## PROBLEM
Look through the records below and copy each line that includes the word "multiplicative".

[Stored items]
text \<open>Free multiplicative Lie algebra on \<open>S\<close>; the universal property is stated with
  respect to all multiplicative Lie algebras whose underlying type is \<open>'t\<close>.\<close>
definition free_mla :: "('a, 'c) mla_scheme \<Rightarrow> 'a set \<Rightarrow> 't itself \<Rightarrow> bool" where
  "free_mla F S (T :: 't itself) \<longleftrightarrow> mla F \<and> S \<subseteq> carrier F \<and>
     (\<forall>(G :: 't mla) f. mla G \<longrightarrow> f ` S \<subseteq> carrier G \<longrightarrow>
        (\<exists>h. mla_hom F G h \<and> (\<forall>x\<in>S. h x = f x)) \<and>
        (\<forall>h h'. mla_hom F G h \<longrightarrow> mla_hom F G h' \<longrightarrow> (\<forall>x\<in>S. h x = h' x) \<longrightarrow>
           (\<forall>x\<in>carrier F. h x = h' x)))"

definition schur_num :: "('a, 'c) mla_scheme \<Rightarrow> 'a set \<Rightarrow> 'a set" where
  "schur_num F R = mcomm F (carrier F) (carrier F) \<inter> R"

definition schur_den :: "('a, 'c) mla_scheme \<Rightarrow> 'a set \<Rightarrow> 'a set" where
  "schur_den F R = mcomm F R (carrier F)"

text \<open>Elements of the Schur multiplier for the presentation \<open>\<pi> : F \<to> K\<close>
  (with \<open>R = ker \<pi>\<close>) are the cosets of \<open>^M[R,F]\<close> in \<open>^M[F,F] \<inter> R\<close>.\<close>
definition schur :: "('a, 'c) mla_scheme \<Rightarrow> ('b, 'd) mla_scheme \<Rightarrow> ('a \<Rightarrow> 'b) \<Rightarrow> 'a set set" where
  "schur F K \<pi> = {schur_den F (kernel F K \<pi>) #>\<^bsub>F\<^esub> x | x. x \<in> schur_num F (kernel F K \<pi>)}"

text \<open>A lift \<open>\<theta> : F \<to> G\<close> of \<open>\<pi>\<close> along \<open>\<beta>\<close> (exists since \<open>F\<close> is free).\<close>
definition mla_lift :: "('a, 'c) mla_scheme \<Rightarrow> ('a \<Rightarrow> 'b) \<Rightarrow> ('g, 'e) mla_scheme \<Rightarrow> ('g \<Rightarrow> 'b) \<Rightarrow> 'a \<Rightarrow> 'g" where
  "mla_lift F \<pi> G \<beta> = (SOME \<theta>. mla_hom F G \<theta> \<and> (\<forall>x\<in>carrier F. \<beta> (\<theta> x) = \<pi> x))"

## SOLUTION TO THE EXERCISE
text \<open>Free multiplicative Lie algebra on \<open>S\<close>; the universal property is stated with
  respect to all multiplicative Lie algebras whose underlying type is \<open>'t\<close>.\<close>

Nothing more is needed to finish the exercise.